Well, to close out this thread....they are going back. Kinda sucks. I had a friend who lived in Switzerland since ‘98 and he just moved back to the U.S. in August....just in time for me to run short on my HdM’s. I spent a month doing my due diligence and this was my result. FML....lol.

Thanks to everyone that responded. Definitely a case of “I know better”, but a little smack upside the head from the community always helps.
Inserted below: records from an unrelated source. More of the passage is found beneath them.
(* Let $(X_n)_{n\in\mathbb{Z}}$ be a strictly stationary sequence jointly regularly varying with index $\alpha>0$, with tail process $(Y_i)_{i\in\mathbb{Z}}$, and assume $\theta:=\Pr(\sup_{i\le-1}|Y_i|\le1)>0$ and that $|Y_n|\to0$ almost surely as $|n|\to\infty$. Fix $0<v<u<\infty$ and let $$N^{(v)}=\sum_i\sum_j\delta_{(T_i^{(v)},\,vZ_{ij})}\Big|_{[0,1]\times\mathbb{E}_v},$$ where $\sum_i\delta_{T_i^{(v)}}$ is a homogeneous Poisson process on $[0,1]$ with intensity $\theta v^{-\alpha}$ and $(\sum_j\delta_{Z_{ij}})_i$ is an i.i.d. sequence of point processes on $\mathbb{E}$, independent of the Poisson process, each distributed as $\sum_{n\in\mathbb{Z}}\delta_{Y_n}$ conditionally on $\{\sup_{i\le-1}|Y_i|\le1\}$. Assume that with probability one the tail process $(Y_i)_{i\in\mathbb{Z}}$ has no two values of opposite sign. Then $\Pr(N^{(v)}\in\Lambda)=1$, where $\Lambda=\Lambda_1\cap\Lambda_2$ with $\Lambda_1=\{\eta\in\mathbf M_p([0,1]\times\mathbb{E}_v):\eta(\{0,1\}\times\mathbb{E}_u)=0=\eta([0,1]\times\{\pm\infty,\pm u\})\}$, $\Lambda_2=\{\eta\in\mathbf M_p([0,1]\times\mathbb{E}_v):\eta(\{t\}\times(v,\infty])\wedge\eta(\{t\}\times[-\infty,-v))=0\text{ for all }t\in[0,1]\}$.
   Context: $\mathbb{E}=[-\infty,\infty]\setminus\{0\}$, topologized so as to be homeomorphic to $[-1,1]\setminus\{0\}$; $\mathbb{E}_u=\mathbb{E}\setminus[-u,u]$ for $u>0$. $\mathbf M_p(S)$ is the space of Radon point measures on $S$. Joint regular variation with index $\alpha$: for every $k$, $(X_1,\dots,X_k)$ is multivariate regularly varying with index $\alpha$. The tail process $(Y_n)_{n\in\mathbb{Z}}$ is the process with $\Pr(|Y_0|>y)=y^{-\alpha}$ for $y\ge1$ such that the finite-dimensional distributions of $(x^{-1}X_n)_{n\in\mathbb{Z}}$ given $|X_0|>x$ converge to those of $(Y_n)$ as $x\to\infty$; it satisfies $Y_i=|Y_0|\Theta_i$ with $|Y_0|$ independent of $(\Theta_i)$. *)

theory Defs
  imports "HOL-Probability.Probability"
begin
(* Let $0<p=q<1/2$, $0<\theta<1$ and $\varepsilon>0$. For $d>0$ and $\alpha\in(p,\ e^{-d}+p-2e^{-d}p)$ let \[ b_1(\alpha,d)=\frac{\theta}{1-\theta}\frac{1}{d\,D_{\mathrm{KL}}(\alpha\|p)},\qquad b_2(\alpha,d)=\frac{1}{1-\theta}\frac{1}{d\,D_{\mathrm{KL}}(\alpha\|e^{-d}+p-2e^{-d}p)}, \] and $m_{\mathrm{COMP},\mathrm{BSC}}=\min_{\alpha,d}\max\{b_1(\alpha,d),b_2(\alpha,d)\}\,k\log(n/k)$. If $m>(1+\varepsilon)m_{\mathrm{COMP},\mathrm{BSC}}$, then (with parameters chosen suitably) noisy COMP recovers $\sigma$ with high probability given $G$ and $\hat\sigma$.
   Context: Noisy group testing model (binary symmetric channel): $n$ individuals, $k\sim n^{\theta}$ infected; $\sigma\in\{0,1\}^n$ uniformly random of Hamming weight $k$. Constant-column design $G$: $m=ck\log(n/k)$ tests, each individual independently assigned to exactly $\Delta=cd\log(n/k)$ distinct tests chosen uniformly at random. A test is truly positive iff it contains an infected individual. Displayed results $\hat\sigma$: independently, each test's true result is flipped with probability $p$ (truly negative displayed positive with probability $p$, truly positive displayed negative with probability $q=p$). Noisy COMP with threshold $\alpha$: declare healthy every individual appearing in at least $\alpha\Delta$ displayed negative tests, the rest infected. $\log$ natural; $D_{\mathrm{KL}}(r\|s)=r\log(r/s)+(1-r)\log\frac{1-r}{1-s}$. "With high probability": probability $\to1$ as $n\to\infty$. *)

theory Defs
  imports "HOL-Probability.Probability" "HOL-Library.Landau_Symbols"
begin

definition DKL :: "real \<Rightarrow> real \<Rightarrow> real" where
  "DKL r s = r * ln (r / s) + (1 - r) * ln ((1 - r) / (1 - s))"

definition b1 :: "real \<Rightarrow> real \<Rightarrow> real \<Rightarrow> real \<Rightarrow> real" where
  "b1 \<theta> p \<alpha> d = \<theta> / (1 - \<theta>) * (1 / (d * DKL \<alpha> p))"

definition b2 :: "real \<Rightarrow> real \<Rightarrow> real \<Rightarrow> real \<Rightarrow> real" where
  "b2 \<theta> p \<alpha> d = 1 / (1 - \<theta>) * (1 / (d * DKL \<alpha> (exp (-d) + p - 2 * exp (-d) * p)))"

definition admissible :: "real \<Rightarrow> real \<Rightarrow> real \<Rightarrow> bool" where
  "admissible p \<alpha> d \<longleftrightarrow> 0 < d \<and> p < \<alpha> \<and> \<alpha> < exp (-d) + p - 2 * exp (-d) * p"

text \<open>The constant c such that m_COMP,BSC = c * k log(n/k) (infimum over admissible alpha, d).\<close>
definition comp_const :: "real \<Rightarrow> real \<Rightarrow> real" where
  "comp_const \<theta> p = Inf {max (b1 \<theta> p \<alpha> d) (b2 \<theta> p \<alpha> d) | \<alpha> d. admissible p \<alpha> d}"

text \<open>Displayed result of test a (True = positive): true result XOR flip.\<close>
definition displayed :: "nat set \<Rightarrow> (nat \<Rightarrow> nat set) \<Rightarrow> (nat \<Rightarrow> bool) \<Rightarrow> nat \<Rightarrow> bool" where
  "displayed S G F a = ((\<exists>i\<in>S. a \<in> G i) \<noteq> F a)"

definition noisy_comp :: "nat \<Rightarrow> nat \<Rightarrow> real \<Rightarrow> (nat \<Rightarrow> nat set) \<Rightarrow> (nat \<Rightarrow> bool) \<Rightarrow> nat set" where
  "noisy_comp n \<Delta> \<alpha> G shown =
     {i \<in> {..<n}. \<not> (\<alpha> * real \<Delta> \<le> real (card {a \<in> G i. \<not> shown a}))}"

text \<open>Probability that noisy COMP recovers sigma: n individuals, k infected, m tests,
  each individual in Delta uniformly random distinct tests, each result flipped with prob p.\<close>
definition success_prob :: "nat \<Rightarrow> nat \<Rightarrow> nat \<Rightarrow> nat \<Rightarrow> real \<Rightarrow> real \<Rightarrow> real" where
  "success_prob n k m \<Delta> p \<alpha> =
     measure_pmf.prob
       (pmf_of_set {S. S \<subseteq> {..<n} \<and> card S = k} \<bind> (\<lambda>S.
        Pi_pmf {..<n} {} (\<lambda>_. pmf_of_set {T. T \<subseteq> {..<m} \<and> card T = \<Delta>}) \<bind> (\<lambda>G.
        map_pmf (\<lambda>F. noisy_comp n \<Delta> \<alpha> G (displayed S G F) = S)
          (Pi_pmf {..<m} False (\<lambda>_. bernoulli_pmf p)))))
       {True}"

end

theory Submission
  imports Defs "HOL-Library.Ramsey" "HOL-Real_Asymp.Real_Asymp"
begin

text \<open>
  Noisy COMP fails only if some individual is misclassified, so by a union bound the failure
  probability is at most the sum of the individual misclassification probabilities, and each of
  them is a Chernoff bound for the number of tests of that individual that are displayed
  negative.  For an infected individual this number is Binomial(\<open>\<Delta>\<close>, \<open>p\<close>) and reaches
  \<open>\<alpha>\<Delta>\<close> with probability at most \<open>exp (- \<Delta> D(\<alpha>, p)) \<le> (k / n) powr (c d D(\<alpha>, p))\<close>.
  For a healthy individual each of its tests escapes all \<open>k\<close> infected individuals with
  probability about \<open>e\<^sup>-\<^sup>d\<close>, and these escape events are negatively correlated because every
  individual picks its tests uniformly at random; so the count stays below \<open>\<alpha>\<Delta>\<close> with
  probability at most about \<open>(k / n) powr (c d D(\<alpha>, q))\<close>, where \<open>q = e\<^sup>-\<^sup>d + p - 2 e\<^sup>-\<^sup>d p\<close> is
  the probability that such a test is displayed negative.  For \<open>k \<sim> n\<^sup>\<theta>\<close> the union bound
  \<open>k (k / n) powr (c d D(\<alpha>, p)) + n (k / n) powr (c d D(\<alpha>, q))\<close> tends to \<open>0\<close> exactly when
  \<open>b1 < c\<close> and \<open>b2 < c\<close>, and such \<open>\<alpha>, d\<close> exist because \<open>c\<close> exceeds the infimum
  \<open>comp_const \<theta> p\<close>.
\<close>

section \<open>Uniformly random subsets\<close>

lemma sum_nsets_Suc:
  assumes "finite M" "a \<in> M"
  shows "(\<Sum>U\<in>[M]\<^bsup>Suc D\<^esup>. g U)
       = (\<Sum>U\<in>[M - {a}]\<^bsup>D\<^esup>. g (insert a U)) + (\<Sum>U\<in>[M - {a}]\<^bsup>Suc D\<^esup>. g U)"
proof -
  have split: "[M]\<^bsup>Suc D\<^esup> = insert a ` [M - {a}]\<^bsup>D\<^esup> \<union> [M - {a}]\<^bsup>Suc D\<^esup>"
  proof (intro equalityI subsetI)
    fix U assume U: "U \<in> [M]\<^bsup>Suc D\<^esup>"
    show "U \<in> insert a ` [M - {a}]\<^bsup>D\<^esup> \<union> [M - {a}]\<^bsup>Suc D\<^esup>"
    proof (cases "a \<in> U")
      case True
      then have "U = insert a (U - {a})" "U - {a} \<in> [M - {a}]\<^bsup>D\<^esup>"
        using U by (auto simp: nsets_def)
      then show ?thesis by blast
    qed (use U in \<open>auto simp: nsets_def\<close>)
  qed (use assms in \<open>auto simp: nsets_def card_insert_if\<close>)
  have "inj_on (insert a) ([M - {a}]\<^bsup>D\<^esup>)"
    by (rule inj_onI) (auto simp: nsets_def)
  moreover have "insert a ` [M - {a}]\<^bsup>D\<^esup> \<inter> [M - {a}]\<^bsup>Suc D\<^esup> = {}"
    by (auto simp: nsets_def)
  ultimately show ?thesis
    unfolding split using assms
    by (simp add: sum.union_disjoint finite_imp_finite_nsets sum.reindex)
qed

lemma binomial_mix_le:
  fixes r y z :: real
  assumes "0 < n" "real (Suc k) \<le> r * real n" "0 \<le> z" "z \<le> y"
  shows "y * real ((n - 1) choose k) + z * real ((n - 1) choose Suc k)
           \<le> real (n choose Suc k) * (r * y + (1 - r) * z)"
proof -
  have "real n * real ((n - 1) choose k) = real (Suc k) * real (n choose Suc k)"
    using binomial_absorption[of k n] by (metis of_nat_mult)
  also have "\<dots> \<le> r * real n * real (n choose Suc k)"
    using assms(2) by (intro mult_right_mono) auto
  finally have absorb: "real ((n - 1) choose k) \<le> r * real (n choose Suc k)"
    using assms(1) by (simp add: mult.assoc)
  have "real (n choose Suc k) = real ((n - 1) choose k) + real ((n - 1) choose Suc k)"
    using assms(1) by (metis Suc_diff_1 binomial_Suc_Suc of_nat_add)
  then have "y * real ((n - 1) choose k) + z * real ((n - 1) choose Suc k)
      = z * real (n choose Suc k) + (y - z) * real ((n - 1) choose k)"
    by (simp add: algebra_simps)
  also have "\<dots> \<le> z * real (n choose Suc k) + (y - z) * (r * real (n choose Suc k))"
    using absorb assms(4) by (intro add_left_mono mult_left_mono) auto
  finally show ?thesis by (simp add: algebra_simps)
qed
lemma resolving_set_in_column:
  assumes res: "resolving_set n m R" and column: "fst ` R = {a}" and "2 \<le> n" "2 \<le> m"
  shows "(a = 0 \<or> a = n - 1) \<and> (a, 0) \<in> R \<and> (a, m - 1) \<in> R"
proof -
  have in_column: "\<forall>w\<in>R. w = (a, snd w)"
    using column by (metis prod.collapse singletonD imageI)
  have "R \<subseteq> grid_vertices n m"
    using res by (simp add: resolving_set_def)
  moreover have "a \<in> fst ` R"
    using column by simp
  ultimately have bounds: "a < n" "\<forall>w\<in>R. snd w < m"
    by (auto simp: grid_vertices_def)
  note antidiagonal = resolving_set_meets_antidiagonal_quadrants[OF res]
  note diagonal = resolving_set_meets_diagonal_quadrants[OF res]
  have cell_bounds: "0 + 1 < m" "m - 2 + 1 < m" "a + 1 < n \<or> 0 < a \<and> a - 1 + 1 < n"
    using bounds assms(3,4) by auto
  have "a = 0 \<or> a = n - 1"
  proof (rule ccontr)
    assume "\<not> (a = 0 \<or> a = n - 1)"
    then have "(a - 1, 0) \<in> grid_vertices n m" "(a + 1, 0) \<in> grid_vertices n m"
      "(a - 1, 0) \<noteq> (a + 1, 0)" "\<forall>w\<in>R. grid_dist w (a - 1, 0) = grid_dist w (a + 1, 0)"
      using bounds in_column \<open>2 \<le> m\<close> by (auto simp: grid_vertices_def grid_dist_def)
    then show False
      using resolving_setD[OF res, of "(a - 1, 0)" "(a + 1, 0)"] by blast
  qed
  moreover have "(a, 0) \<in> R"
  proof (rule ccontr)
    assume "(a, 0) \<notin> R"
    then have "\<forall>w\<in>R. fst w = a \<and> 0 < snd w"
      using in_column by (metis fst_conv gr0I)
    then show False
      using diagonal[of a 0] antidiagonal[of "a - 1" 0] cell_bounds by fastforce
  qed
  moreover have "(a, m - 1) \<in> R"
  proof (rule ccontr)
    assume "(a, m - 1) \<notin> R"
    then have "\<forall>w\<in>R. fst w = a \<and> snd w \<noteq> m - 1"
      using in_column by (metis fst_conv)
    then have "\<forall>w\<in>R. fst w = a \<and> snd w \<le> m - 2"
      using bounds by fastforce
    then show False
      using antidiagonal[of a "m - 2"] diagonal[of "a - 1" "m - 2"] cell_bounds by auto
  qed
  ultimately show ?thesis by blast
qed

lemma row_pair_with_third_point:
  assumes M: "M = {(a, b), (a', b), (c, d)}" and "a < a'" "d \<noteq> b"
    and res: "resolving_set n m M"
  shows "row_bracket M \<or> column_bracket M"
proof -
  have "prod.swap ` M = {(b, a), (b, a'), (d, c)}"
    by (simp add: M)
  moreover have "resolving_set m n (prod.swap ` M)"
    using res by (simp add: resolving_set_swap)
  ultimately have "row_bracket (prod.swap ` M) \<or> column_bracket (prod.swap ` M)"
    using column_pair_with_third_point assms(2,3) by blast
  then show ?thesis
    by (auto simp: row_bracket_swap column_bracket_swap)
qed

lemma boundary_row_endpoints_resolving:
  assumes "b = 0 \<or> b = m - 1" "b < m" "0 < n"
  shows "resolving_set n m {(0, b), (n - 1, b)}"
proof -
  have "resolving_set m n {(b, 0), (b, n - 1)}"
    using boundary_column_endpoints_resolving assms by blast
  moreover have "{(b, 0), (b, n - 1)} = prod.swap ` {(0, b), (n - 1, b)}"
    by simp
  ultimately show ?thesis
    using resolving_set_swap by metis
qed

lemma resolving_set_in_row:
  assumes res: "resolving_set n m R" and row: "snd ` R = {b}" and "2 \<le> n" "2 \<le> m"
  shows "(b = 0 \<or> b = m - 1) \<and> (0, b) \<in> R \<and> (n - 1, b) \<in> R"
proof -
  have "fst ` prod.swap ` R = {b}"
    using row by (simp add: image_image)
  moreover have "resolving_set m n (prod.swap ` R)"
    using res by (simp add: resolving_set_swap)
  ultimately show ?thesis
    using resolving_set_in_column[of m n "prod.swap ` R" b] assms(3,4) by simp
qed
I guess it’s back to the drawing board on this one.


----------



## Perfecto Dave (Nov 24, 2009)

Just back from Mexico. For grins and giggles I stopped by a cigar shop just to have look.
They had boxes that everything lined up....looked good, smelled good, everything about the boxes lined up..........
except....there were no box codes or dates. I left my phone in the truck :frown2:and didn't want to go back out and come back in to snap pics. Thought I would travel by the shop again before I left but never did.
Going back next year......I'll try to remember my phone:wink2:


----------



## TonyBrooklyn (Jan 28, 2010)

Perfecto Dave said:


> Just back from Mexico. For grins and giggles I stopped by a cigar shop just to have look.
> They had boxes that everything lined up....looked good, smelled good, everything about the boxes lined up..........
> except....there were no box codes or dates. I left my phone in the truck :frown2:and didn't want to go back out and come back in to snap pics. Thought I would travel by the shop again before I left but never did.
> Going back next year......I'll try to remember my phone:wink2:


Last time i was in T.J walking down revolution ave.
There were rows of the Cohiba's in the glass top box.
I guess they finally decided to smarten up :vs_laugh:


----------



## norc47 (Apr 20, 2019)

It is amazing the lengths people will go to to counterfeit these things. After reading this thread I'll probably never buy a single CC again outside an LCDH. Full boxes only from everyone else.


----------



## Perfecto Dave (Nov 24, 2009)

TonyBrooklyn said:


> Last time i was in T.J walking down revolution ave.
> There were rows of the Cohiba's in the glass top box.
> I guess they finally decided to smarten up :vs_laugh:


Oh Yea...the glass tops are still all over at the border towns. I was about an hour deep across the border on the sea of cortez at Puerto Penasco. :wink2:


----------



## Olecharlie (Oct 28, 2017)

This is why I only have two sources and they have all been dated.


----------